The contemporary name comes from the Old English Þunresdæg (with loss of -n-, first in northern dialects, from influence of Old Norse Þorsdagr), meaning "Day of Thunor", this being a rough Germanic equivalent to the Latin Iovis Dies, "Jupiter's Day". Most Germanic and Romance-speaking countries use their languages' equivalents: German Donnerstag, Dutch donderdag, torsdag in Scandinavia, Italian giovedì, Spanish jueves, French jeudi, Catalan dijous, and Romanian joi.
In Latin the Genitive or possessive case of Jupiter was Jovis and as such in most Romance languages with the exception of Portuguese it became the word for Thursday: Latin Jovis Dies, Spanish Jueves, Italian Giovedi, and Romanian Joi.
In most of the Indian Languages the word for Thursday is Guruvar, with Guru being the Sanskrit name for the planet Jupiter.

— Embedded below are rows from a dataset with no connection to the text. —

lemma symp_cycle_adj: "symp (cycle_adj n)"
  by (auto simp: symp_def cycle_adj_def)

lemma cycle_nbhd:
  assumes "3 \<le> n" "v < n"
  shows "nbhd {0..<n} (cycle_adj n) v
           = {if v + 1 = n then 0 else v + 1, if v = 0 then n - 1 else v - 1}"
proof -
  have succ: "(u + 1) mod n = (if u + 1 = n then 0 else u + 1)" if "u < n" for u
    using that by (simp add: mod_Suc)
  have "cycle_adj n v u \<longleftrightarrow>
          v \<noteq> u \<and> (u = (if v + 1 = n then 0 else v + 1) \<or> v = (if u + 1 = n then 0 else u + 1))"
    if "u < n" for u
    using that assms(2) unfolding cycle_adj_def by (simp only: succ)
  then show ?thesis
    using assms by (auto simp: nbhd_def split: if_splits)
qed

lemma card_cycle_nbhd:
  assumes "3 \<le> n" "v < n"
  shows "card (nbhd {0..<n} (cycle_adj n) v) = 2"
  using assms by (simp add: cycle_nbhd)

lemma cycle_211_dom_weight_ge:
  assumes "is_211_dom {0..<n} (cycle_adj n) f" "3 \<le> n"
  shows "2 * n \<le> 3 * (\<Sum>v\<in>{0..<n}. f v)"
proof -
  have "2 * card {0..<n} \<le> (\<Sum>v\<in>{0..<n}. (1 + card (nbhd {0..<n} (cycle_adj n) v)) * f v)"
    using is_211_dom_degree_weighted_sum_ge[OF _ symp_cycle_adj assms(1)] by simp
  also have "\<dots> = (\<Sum>v\<in>{0..<n}. 3 * f v)"
    using assms(2) by (intro sum.cong) (simp_all add: card_cycle_nbhd)
  also have "\<dots> = 3 * (\<Sum>v\<in>{0..<n}. f v)"
    by (simp only: sum_distrib_left)
  finally show ?thesis by simp
qed

definition cycle_211_fun :: "nat \<Rightarrow> nat \<Rightarrow> nat" where
  "cycle_211_fun n i = of_bool (i < n \<and> i mod 3 \<noteq> 2)"

lemma sum_cycle_211_fun: "(\<Sum>i\<in>{0..<n}. cycle_211_fun n i) = (2 * n + 2) div 3"
  unfolding cycle_211_fun_def by (simp add: sum_of_bool_mod3_ne2 flip: Int_def)

lemma is_211_dom_cycle_211_fun:
  assumes "3 \<le> n"
  shows "is_211_dom {0..<n} (cycle_adj n) (cycle_211_fun n)"
proof (rule is_211_domI)
  let ?f = "cycle_211_fun n" and ?N = "nbhd {0..<n} (cycle_adj n)"
  have succ: "0 < ?f (if v + 1 = n then 0 else v + 1)" if "v mod 3 \<noteq> 1" "v < n" for v
    using that assms by (auto simp: cycle_211_fun_def mod_Suc)
  have pred: "0 < ?f (v - 1)" if "v mod 3 \<noteq> 0" "v < n" for v
    using that by (cases v) (auto simp: cycle_211_fun_def mod_Suc split: if_splits)
  fix v assume v: "v \<in> {0..<n}"
  then have nb: "?N v = {if v + 1 = n then 0 else v + 1, if v = 0 then n - 1 else v - 1}"
    using assms by (simp add: cycle_nbhd)
  show "\<exists>a\<in>?N v. \<exists>b\<in>?N v. a \<noteq> b \<and> 0 < ?f a \<and> 0 < ?f b" if "?f v = 0"
  proof -
    have "v mod 3 = 2"
      using that v by (simp add: cycle_211_fun_def)
    then have "v \<noteq> 0" "v \<noteq> 1"
      by auto
    then show ?thesis
      using succ[of v] pred[of v] v \<open>v mod 3 = 2\<close> unfolding nb by auto
  qed
  show "\<exists>a\<in>?N v. 0 < ?f a"
    using succ[of v] pred[of v] v unfolding nb by (cases "v mod 3 = 1") auto
qed (auto simp: cycle_211_fun_def)

lemma gamma_211_cycle:
  assumes "3 \<le> n"
  shows "gamma_211 {0..<n} (cycle_adj n) = (2 * n + 2) div 3"
proof (rule gamma_211_eqI)
  show "is_211_dom {0..<n} (cycle_adj n) (cycle_211_fun n)"
    using assms by (rule is_211_dom_cycle_211_fun)
  show "(\<Sum>v\<in>{0..<n}. cycle_211_fun n v) = (2 * n + 2) div 3"
    by (rule sum_cycle_211_fun)
  show "(2 * n + 2) div 3 \<le> (\<Sum>v\<in>{0..<n}. g v)"
    if "is_211_dom {0..<n} (cycle_adj n) g" for g
    using cycle_211_dom_weight_ge[OF that assms] by linarith
qed

lemma nat_ceiling_divide_3: "nat \<lceil>real a / 3\<rceil> = (a + 2) div 3"
proof -
  have "\<lceil>real a / 3\<rceil> = - (- int a div 3)"
    using ceiling_divide_eq_div[of "int a" 3] by simp
  also have "\<dots> = int ((a + 2) div 3)"
    by presburger
  finally show ?thesis
    by simp
qed

theorem proposition12:
  fixes n :: nat
  assumes "n \<ge> 4"
  shows "gamma_211_graph (P n) =
           (if n mod 3 = 0 then 2 * n div 3 + 1 else 2 * nat \<lceil>real n / 3\<rceil>)
         \<and> gamma_211_graph (C n) = nat \<lceil>2 * real n / 3\<rceil>"
proof
  have "(2 * n + 4) div 3 = (if n mod 3 = 0 then 2 * n div 3 + 1 else 2 * ((n + 2) div 3))"
    by (cases "n mod 3 = 0") presburger+
  then show "gamma_211_graph (P n) =
               (if n mod 3 = 0 then 2 * n div 3 + 1 else 2 * nat \<lceil>real n / 3\<rceil>)"
    using gamma_211_path[OF assms] by (simp add: gamma_211_graph_def P_def nat_ceiling_divide_3)
  have "nat \<lceil>2 * real n / 3\<rceil> = (2 * n + 2) div 3"
    using nat_ceiling_divide_3[of "2 * n"] by simp
  then show "gamma_211_graph (C n) = nat \<lceil>2 * real n / 3\<rceil>"
    using gamma_211_cycle assms by (simp add: gamma_211_graph_def C_def)
qed

end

In Slavic languages and in Chinese, this day's name is "fourth" (Polish czwartek, Russian четверг, pronounced CHET-vierg). Greek uses a number for this day: Πέμπτη, Pémpti, "Fifth," and Portuguese, too, uses a number for this day: quinta-feira, "fifth day", (see days of the week for more on the different conventions).
The Urdu name for Thursday is Jumeraate (eve of Friday).
The Arabic for Thursday is Khamees (fifth day);Because the arabic week starts from Saturday.
In Judaism the Torah is read in public on Thursday mornings, and special penitential prayers are said on Thursday, unless there is a special occasion for happiness which cancels them.
In the Eastern Orthodox Church. Thursdays are dedicated to the Apostles and Saint Nicholas. The Octoechos contains hymns on these themes, arranged in an eight-week cycle, that are chanted on Thursdays throughout the year. At the end of Divine Services on Thursday, the dismissal begins with the words: "May Christ our True God, through the intercessions of his most-pure Mother, of the holy, glorious and all-laudable Apostles, of our Father among the saints Nicholas, Archbishop of Myra in Lycia, the Wonder-worker…"
Quakers traditionally refer to Thursday as "Fifth Day" eschewing the pagan origin of the English name "Thursday". The name of the day is also called by words meaning "fifth day" in Icelandic, Modern Greek, Portuguese, and modern Semitic languages.
In Thailand, the color associated with Thursday is orange, see Thai solar calendar.
In The Hitchhiker's Guide to the Galaxy by Douglas Adams, the character Arthur Dent says "This must be Thursday. I never could get the hang of Thursdays". A few minutes later the planet Earth is destroyed. Thor, for whom the day was named, also appears later in the Hitchhiker's series and in other Adams books. Appropriately, in The Long Dark Tea-time of the Soul, one of the characters says to Thor: "I'm not used to spending the evening with someone who's got a whole day named after them".
In the cross media work Thursday's fictions by Richard James Allen and Karen Pearlman, Thursday is the title character, a woman who tries to cheat the cycle of reincarnation to get a form of eternal life. Thursday's Fictions which has been a stage production, a book, a film and an 3D online immersive world in Second Life.
In Neil Gaiman's American Gods, when Wednesday introduces himself, he remarks that given the weather (he and the main character are flying in a thunderstorm), it could be Thursday, as Thor was the god of thunder.
"Thursday Next" is the central character in a series of novels by Jasper Fforde.
In Garth Nix's popular Keys to the Kingdom series, Thursday is an antagonist who is a personification of the actual day.
"Thursday" is the name of an Italian neo realistic film of the 60s.
"Thursday's Child" is a song by The Chameleons in Script of the Bridge (1983).
In the Placebo song "Evil Dildo", the obscene telephone message is left on Thursday the 23rd of an unknown month and year. The day Thursday 23rd is often celebrated as Evil Dildo day by Placebo fans.
In college life is referred to as the new Friday because of drinking and parties.
Many office workers in the US observe "Red Shirt Thursdays" co-workers wear red as a sign of unity and patriotism.
Additionally, local elections are usually held on the first Thursday in May.
The Thursday before Easter is also known as Maundy Thursday or Sheer Thursday in the United Kingdom, traditionally a day of cleaning and giving out Maundy money. The Electoral Administration Act 2006 removed Maundy Thursday as an excluded day on the electoral timetable - therefore an election can now be held on Maundy Thursday.
The astrological and astronomical sign of the planet Jupiter represents Thursday with similar names in Latin-derived languages, such as the French Jeudi, Italian Giovedì and Spanish Jueves. In English, this became "Thor's Day," since the Roman god Jupiter was identified with Thor in northern Europe.